--- AVAILABLE DATA ---
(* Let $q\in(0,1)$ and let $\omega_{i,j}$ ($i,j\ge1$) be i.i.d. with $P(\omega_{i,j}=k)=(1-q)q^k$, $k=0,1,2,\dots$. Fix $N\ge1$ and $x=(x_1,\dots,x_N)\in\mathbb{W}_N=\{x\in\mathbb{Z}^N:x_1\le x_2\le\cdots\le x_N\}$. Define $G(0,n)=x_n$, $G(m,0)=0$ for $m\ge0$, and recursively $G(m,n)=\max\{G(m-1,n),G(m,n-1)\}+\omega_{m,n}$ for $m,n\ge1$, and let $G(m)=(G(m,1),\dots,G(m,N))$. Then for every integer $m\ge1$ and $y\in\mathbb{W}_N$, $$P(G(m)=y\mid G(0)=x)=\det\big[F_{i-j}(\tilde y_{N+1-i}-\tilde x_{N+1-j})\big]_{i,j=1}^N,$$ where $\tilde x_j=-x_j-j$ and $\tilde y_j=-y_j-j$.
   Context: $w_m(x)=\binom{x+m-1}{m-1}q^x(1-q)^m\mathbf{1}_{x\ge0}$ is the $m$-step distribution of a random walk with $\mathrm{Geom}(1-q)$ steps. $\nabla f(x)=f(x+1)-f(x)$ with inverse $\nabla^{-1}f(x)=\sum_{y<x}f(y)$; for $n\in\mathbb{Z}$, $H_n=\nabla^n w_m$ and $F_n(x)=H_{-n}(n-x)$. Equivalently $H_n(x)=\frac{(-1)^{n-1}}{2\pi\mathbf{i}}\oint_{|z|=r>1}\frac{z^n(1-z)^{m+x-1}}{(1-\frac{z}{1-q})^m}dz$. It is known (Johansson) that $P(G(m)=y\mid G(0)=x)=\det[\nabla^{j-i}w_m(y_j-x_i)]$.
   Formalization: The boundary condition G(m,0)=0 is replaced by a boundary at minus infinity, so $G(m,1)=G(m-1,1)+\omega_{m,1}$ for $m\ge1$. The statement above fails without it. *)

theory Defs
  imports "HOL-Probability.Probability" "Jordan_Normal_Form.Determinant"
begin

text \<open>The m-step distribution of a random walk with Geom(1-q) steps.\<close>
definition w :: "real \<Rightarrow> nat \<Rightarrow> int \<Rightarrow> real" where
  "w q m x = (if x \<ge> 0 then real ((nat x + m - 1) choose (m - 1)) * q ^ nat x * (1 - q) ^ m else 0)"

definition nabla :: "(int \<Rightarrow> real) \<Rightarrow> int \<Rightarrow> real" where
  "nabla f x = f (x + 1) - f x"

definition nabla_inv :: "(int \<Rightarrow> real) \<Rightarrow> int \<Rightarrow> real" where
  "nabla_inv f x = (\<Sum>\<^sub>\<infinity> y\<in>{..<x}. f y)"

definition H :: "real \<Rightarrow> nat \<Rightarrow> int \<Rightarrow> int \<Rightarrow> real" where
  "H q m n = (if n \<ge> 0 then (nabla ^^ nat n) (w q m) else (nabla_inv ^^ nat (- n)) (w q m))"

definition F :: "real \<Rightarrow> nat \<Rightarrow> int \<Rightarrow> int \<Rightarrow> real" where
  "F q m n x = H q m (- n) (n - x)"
* * *
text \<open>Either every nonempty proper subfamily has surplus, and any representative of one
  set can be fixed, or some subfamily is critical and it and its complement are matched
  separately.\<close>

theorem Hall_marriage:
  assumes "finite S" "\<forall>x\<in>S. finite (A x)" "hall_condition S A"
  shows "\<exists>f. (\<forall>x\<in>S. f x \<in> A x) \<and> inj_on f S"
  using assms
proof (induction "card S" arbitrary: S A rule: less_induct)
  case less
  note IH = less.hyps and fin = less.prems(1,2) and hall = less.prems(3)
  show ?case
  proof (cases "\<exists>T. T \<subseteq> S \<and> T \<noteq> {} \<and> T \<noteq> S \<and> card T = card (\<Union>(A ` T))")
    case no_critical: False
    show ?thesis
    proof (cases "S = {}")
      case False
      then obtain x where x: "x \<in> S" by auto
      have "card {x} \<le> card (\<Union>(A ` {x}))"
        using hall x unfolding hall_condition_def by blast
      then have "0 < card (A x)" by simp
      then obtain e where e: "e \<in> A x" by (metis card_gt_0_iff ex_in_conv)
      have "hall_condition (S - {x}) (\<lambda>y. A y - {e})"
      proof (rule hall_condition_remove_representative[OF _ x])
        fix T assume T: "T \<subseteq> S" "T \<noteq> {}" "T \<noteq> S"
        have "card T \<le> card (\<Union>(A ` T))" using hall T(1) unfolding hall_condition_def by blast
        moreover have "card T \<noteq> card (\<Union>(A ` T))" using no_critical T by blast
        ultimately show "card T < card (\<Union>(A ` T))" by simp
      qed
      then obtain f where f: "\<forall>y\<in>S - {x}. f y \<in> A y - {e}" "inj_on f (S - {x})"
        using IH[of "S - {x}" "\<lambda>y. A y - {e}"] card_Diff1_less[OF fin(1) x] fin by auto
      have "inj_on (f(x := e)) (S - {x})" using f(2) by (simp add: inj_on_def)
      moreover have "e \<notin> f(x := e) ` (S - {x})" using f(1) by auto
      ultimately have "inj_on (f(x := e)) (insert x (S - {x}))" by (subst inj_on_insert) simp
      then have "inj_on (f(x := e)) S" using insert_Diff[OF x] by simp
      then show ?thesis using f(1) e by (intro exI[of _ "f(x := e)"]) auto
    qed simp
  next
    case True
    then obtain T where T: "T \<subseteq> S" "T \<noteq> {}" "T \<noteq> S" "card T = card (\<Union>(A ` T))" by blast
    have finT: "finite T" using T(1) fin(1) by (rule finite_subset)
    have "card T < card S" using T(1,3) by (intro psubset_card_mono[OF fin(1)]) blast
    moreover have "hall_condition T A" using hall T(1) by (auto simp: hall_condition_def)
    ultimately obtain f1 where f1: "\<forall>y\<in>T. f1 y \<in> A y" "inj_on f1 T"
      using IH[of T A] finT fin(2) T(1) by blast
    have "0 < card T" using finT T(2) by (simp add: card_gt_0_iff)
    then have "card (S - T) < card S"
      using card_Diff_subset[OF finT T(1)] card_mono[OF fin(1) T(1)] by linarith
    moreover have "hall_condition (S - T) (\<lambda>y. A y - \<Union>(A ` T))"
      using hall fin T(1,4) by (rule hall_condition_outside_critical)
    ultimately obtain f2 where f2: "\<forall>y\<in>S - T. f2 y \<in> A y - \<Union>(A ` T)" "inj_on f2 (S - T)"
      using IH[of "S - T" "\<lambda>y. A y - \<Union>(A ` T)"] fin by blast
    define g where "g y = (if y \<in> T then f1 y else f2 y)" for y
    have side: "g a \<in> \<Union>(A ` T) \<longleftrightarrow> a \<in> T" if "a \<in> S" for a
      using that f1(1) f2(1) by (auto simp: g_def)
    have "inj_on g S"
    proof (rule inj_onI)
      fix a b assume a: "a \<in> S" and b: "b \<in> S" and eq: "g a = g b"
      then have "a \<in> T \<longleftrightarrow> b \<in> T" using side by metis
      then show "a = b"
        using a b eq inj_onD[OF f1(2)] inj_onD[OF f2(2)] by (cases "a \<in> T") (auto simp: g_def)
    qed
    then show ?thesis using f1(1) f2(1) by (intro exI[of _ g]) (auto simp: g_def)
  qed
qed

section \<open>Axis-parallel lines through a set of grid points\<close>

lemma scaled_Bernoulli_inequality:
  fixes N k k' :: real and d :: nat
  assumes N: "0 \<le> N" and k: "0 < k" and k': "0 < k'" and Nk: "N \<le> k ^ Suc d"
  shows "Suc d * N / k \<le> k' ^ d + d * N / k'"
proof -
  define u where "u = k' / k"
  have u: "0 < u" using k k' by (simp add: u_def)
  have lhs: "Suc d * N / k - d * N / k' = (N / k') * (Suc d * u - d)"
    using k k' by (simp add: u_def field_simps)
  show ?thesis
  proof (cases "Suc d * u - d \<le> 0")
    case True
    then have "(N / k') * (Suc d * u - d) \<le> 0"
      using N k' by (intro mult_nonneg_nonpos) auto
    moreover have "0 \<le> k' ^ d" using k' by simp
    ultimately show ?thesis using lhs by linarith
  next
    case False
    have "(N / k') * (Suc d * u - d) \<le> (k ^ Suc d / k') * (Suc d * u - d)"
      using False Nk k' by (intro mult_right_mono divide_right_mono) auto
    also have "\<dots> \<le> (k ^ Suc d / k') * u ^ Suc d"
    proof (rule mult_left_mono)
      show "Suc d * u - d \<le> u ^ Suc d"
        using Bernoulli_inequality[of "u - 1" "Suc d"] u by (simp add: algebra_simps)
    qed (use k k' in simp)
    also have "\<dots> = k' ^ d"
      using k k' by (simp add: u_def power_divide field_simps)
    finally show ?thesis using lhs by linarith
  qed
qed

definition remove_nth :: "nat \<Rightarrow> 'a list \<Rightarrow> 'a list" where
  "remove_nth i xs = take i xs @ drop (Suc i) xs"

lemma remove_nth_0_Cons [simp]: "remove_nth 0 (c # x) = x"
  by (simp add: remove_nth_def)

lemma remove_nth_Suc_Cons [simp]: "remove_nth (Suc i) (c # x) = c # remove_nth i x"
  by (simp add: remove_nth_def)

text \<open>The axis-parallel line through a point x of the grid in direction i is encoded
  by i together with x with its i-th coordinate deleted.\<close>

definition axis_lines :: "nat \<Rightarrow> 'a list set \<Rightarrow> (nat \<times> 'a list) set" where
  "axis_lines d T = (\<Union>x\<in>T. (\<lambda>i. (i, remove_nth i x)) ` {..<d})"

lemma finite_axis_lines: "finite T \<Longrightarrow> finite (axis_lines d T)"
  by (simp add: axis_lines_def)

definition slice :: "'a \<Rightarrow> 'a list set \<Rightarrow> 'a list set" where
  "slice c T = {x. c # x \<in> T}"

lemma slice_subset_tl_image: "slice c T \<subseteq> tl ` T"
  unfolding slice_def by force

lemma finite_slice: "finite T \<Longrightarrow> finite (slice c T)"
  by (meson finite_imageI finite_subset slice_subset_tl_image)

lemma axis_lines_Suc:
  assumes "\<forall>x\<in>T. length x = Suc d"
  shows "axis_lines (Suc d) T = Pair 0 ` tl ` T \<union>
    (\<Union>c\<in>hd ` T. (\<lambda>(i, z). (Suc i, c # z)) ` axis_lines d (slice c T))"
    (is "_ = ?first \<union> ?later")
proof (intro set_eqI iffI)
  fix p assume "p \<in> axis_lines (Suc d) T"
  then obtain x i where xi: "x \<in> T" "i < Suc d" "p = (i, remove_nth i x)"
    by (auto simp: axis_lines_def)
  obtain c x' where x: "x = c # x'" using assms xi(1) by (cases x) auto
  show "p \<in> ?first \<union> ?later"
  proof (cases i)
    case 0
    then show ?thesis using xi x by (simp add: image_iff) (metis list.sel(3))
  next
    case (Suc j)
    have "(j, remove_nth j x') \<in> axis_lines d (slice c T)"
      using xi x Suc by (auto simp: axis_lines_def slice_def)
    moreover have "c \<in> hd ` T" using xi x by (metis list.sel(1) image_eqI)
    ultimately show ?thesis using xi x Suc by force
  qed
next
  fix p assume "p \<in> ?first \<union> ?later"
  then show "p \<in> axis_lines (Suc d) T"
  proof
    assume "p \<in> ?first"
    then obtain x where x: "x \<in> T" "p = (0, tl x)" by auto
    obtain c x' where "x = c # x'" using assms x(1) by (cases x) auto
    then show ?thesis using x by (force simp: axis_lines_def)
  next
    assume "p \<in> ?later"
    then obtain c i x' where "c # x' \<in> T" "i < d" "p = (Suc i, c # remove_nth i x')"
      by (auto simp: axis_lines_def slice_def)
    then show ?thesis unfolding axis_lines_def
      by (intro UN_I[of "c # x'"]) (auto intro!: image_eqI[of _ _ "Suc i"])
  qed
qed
...
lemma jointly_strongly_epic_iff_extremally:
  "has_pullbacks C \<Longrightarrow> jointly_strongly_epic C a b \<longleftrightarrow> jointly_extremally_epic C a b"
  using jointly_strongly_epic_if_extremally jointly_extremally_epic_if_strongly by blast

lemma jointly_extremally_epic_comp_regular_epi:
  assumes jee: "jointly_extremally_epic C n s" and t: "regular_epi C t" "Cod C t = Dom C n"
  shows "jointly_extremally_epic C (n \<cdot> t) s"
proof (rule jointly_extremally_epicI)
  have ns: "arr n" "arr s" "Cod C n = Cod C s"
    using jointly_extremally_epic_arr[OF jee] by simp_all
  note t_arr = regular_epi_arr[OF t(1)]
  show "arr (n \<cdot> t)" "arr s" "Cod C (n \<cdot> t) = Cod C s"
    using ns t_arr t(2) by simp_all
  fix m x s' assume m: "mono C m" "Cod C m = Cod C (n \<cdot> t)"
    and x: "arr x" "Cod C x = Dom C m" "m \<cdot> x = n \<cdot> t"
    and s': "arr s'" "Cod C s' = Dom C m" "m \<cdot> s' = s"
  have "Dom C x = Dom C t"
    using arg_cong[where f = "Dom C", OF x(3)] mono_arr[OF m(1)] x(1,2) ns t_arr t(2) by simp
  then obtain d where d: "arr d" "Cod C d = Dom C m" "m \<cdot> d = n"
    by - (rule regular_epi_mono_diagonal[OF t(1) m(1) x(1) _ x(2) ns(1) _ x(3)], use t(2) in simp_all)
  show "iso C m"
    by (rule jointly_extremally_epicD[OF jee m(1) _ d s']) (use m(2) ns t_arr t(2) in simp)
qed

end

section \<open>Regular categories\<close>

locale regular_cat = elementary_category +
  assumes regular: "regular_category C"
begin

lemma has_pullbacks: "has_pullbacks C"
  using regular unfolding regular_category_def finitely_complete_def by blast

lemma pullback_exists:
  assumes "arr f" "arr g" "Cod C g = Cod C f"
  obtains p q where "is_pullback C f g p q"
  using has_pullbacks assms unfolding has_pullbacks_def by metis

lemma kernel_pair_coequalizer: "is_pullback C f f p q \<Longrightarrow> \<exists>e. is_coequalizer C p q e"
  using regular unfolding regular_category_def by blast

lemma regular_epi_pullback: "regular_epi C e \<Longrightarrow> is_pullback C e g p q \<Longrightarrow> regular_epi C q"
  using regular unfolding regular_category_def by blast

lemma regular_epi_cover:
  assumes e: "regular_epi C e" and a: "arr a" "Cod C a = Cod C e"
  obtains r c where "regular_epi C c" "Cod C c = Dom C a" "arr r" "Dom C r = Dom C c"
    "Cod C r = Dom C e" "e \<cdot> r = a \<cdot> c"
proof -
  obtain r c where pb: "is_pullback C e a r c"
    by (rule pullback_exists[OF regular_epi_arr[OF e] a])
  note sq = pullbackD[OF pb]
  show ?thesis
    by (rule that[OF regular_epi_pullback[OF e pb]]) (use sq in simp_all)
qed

--- WHAT THE EXERCISE ASKS ---
Show all lines above holding "subseteq".

--- RESULT OF THIS TASK ---
  proof (cases "\<exists>T. T \<subseteq> S \<and> T \<noteq> {} \<and> T \<noteq> S \<and> card T = card (\<Union>(A ` T))")
        fix T assume T: "T \<subseteq> S" "T \<noteq> {}" "T \<noteq> S"
    then obtain T where T: "T \<subseteq> S" "T \<noteq> {}" "T \<noteq> S" "card T = card (\<Union>(A ` T))" by blast
lemma slice_subset_tl_image: "slice c T \<subseteq> tl ` T"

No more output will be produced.